**Exercise objective:**
Give the lines below again exactly, starting with the line that holds "define c where" and going on through the line that holds "(-2 * (coxB".

*** Opening of Materials provided ***

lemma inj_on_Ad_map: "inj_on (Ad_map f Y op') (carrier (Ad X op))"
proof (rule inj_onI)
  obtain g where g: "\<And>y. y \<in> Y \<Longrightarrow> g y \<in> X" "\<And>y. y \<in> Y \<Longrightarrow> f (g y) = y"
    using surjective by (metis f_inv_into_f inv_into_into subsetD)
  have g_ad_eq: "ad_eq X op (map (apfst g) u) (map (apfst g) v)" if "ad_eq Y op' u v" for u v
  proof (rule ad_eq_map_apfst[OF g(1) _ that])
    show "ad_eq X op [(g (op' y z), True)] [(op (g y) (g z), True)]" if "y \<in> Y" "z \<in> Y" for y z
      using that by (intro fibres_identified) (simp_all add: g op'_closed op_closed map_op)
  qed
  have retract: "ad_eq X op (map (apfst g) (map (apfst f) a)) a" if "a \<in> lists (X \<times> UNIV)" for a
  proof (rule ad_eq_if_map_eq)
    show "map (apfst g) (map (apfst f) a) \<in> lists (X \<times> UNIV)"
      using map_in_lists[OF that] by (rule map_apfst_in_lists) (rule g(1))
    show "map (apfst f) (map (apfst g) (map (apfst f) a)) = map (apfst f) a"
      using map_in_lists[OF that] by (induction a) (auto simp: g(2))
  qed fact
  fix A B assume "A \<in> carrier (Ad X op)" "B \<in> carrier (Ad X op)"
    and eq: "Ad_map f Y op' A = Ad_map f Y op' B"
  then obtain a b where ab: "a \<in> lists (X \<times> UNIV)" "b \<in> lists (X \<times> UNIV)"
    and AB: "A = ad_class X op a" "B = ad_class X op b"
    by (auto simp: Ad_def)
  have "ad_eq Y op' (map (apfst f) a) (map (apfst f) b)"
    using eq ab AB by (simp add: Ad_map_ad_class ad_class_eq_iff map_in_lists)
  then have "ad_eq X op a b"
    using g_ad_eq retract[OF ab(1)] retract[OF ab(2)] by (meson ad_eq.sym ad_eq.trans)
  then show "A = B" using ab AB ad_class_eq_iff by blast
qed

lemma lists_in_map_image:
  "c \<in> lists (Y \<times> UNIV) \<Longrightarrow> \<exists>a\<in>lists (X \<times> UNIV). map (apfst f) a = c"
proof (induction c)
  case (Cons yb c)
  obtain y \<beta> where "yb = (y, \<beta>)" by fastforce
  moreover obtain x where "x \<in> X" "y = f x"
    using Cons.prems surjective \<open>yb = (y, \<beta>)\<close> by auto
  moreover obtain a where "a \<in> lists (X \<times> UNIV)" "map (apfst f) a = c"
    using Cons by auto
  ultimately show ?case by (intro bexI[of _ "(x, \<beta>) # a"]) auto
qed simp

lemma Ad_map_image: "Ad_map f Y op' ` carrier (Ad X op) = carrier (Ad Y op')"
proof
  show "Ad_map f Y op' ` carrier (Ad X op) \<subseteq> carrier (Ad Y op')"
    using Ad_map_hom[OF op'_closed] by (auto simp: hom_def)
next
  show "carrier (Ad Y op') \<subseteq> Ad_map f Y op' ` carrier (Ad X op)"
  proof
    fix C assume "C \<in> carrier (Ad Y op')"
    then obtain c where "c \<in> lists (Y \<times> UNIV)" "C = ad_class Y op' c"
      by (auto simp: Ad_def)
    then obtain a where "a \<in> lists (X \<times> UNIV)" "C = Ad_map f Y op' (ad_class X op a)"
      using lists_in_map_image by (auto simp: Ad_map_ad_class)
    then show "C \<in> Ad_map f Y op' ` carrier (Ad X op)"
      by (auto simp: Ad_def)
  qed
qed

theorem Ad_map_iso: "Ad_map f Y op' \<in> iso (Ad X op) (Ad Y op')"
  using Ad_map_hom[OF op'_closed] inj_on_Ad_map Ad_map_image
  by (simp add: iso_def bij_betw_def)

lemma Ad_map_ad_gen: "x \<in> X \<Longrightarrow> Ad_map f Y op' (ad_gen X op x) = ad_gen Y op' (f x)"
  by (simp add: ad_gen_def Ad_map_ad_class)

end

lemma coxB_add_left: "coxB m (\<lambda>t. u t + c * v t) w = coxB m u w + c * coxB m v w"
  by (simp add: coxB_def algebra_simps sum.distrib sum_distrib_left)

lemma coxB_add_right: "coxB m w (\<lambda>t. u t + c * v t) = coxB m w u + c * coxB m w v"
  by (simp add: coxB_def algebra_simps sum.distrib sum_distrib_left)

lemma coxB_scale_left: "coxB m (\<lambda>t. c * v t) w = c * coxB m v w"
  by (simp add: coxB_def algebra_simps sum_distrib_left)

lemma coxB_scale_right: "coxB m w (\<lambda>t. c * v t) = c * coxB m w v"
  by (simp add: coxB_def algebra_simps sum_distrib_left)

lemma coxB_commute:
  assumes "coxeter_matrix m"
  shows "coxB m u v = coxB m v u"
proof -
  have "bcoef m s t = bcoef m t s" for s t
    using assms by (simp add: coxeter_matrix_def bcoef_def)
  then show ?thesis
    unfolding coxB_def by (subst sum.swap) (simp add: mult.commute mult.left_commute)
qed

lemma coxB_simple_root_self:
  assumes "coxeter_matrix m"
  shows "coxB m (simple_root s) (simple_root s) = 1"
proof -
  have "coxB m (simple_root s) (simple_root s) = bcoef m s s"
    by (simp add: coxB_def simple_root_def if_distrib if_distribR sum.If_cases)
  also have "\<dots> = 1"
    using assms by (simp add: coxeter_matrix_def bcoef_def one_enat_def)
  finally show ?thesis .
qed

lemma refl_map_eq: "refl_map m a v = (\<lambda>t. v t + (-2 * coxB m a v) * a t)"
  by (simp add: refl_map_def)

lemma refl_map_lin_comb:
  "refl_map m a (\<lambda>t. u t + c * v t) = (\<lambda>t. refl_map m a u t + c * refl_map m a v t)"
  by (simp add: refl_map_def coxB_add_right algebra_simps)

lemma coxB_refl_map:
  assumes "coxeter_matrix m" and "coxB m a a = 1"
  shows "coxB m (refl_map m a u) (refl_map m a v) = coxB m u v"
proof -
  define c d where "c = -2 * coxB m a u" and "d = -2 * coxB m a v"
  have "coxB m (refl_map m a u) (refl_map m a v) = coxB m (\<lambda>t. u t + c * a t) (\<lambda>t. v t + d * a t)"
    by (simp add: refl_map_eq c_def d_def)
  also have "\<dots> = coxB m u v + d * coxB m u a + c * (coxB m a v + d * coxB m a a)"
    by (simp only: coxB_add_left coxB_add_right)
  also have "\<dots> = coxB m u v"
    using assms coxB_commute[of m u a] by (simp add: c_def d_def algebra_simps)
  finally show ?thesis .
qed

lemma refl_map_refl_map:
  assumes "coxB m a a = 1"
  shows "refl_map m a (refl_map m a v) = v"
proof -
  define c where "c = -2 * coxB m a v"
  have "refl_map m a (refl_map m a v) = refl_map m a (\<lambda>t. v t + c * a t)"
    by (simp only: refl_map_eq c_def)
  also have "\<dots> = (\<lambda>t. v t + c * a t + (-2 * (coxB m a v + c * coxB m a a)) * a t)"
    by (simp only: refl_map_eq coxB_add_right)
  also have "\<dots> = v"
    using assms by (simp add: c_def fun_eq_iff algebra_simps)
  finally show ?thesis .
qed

*** Close of Materials provided ***

**Completed exercise:**
  define c where "c = -2 * coxB m a v"
  have "refl_map m a (refl_map m a v) = refl_map m a (\<lambda>t. v t + c * a t)"
    by (simp only: refl_map_eq c_def)
  also have "\<dots> = (\<lambda>t. v t + c * a t + (-2 * (coxB m a v + c * coxB m a a)) * a t)"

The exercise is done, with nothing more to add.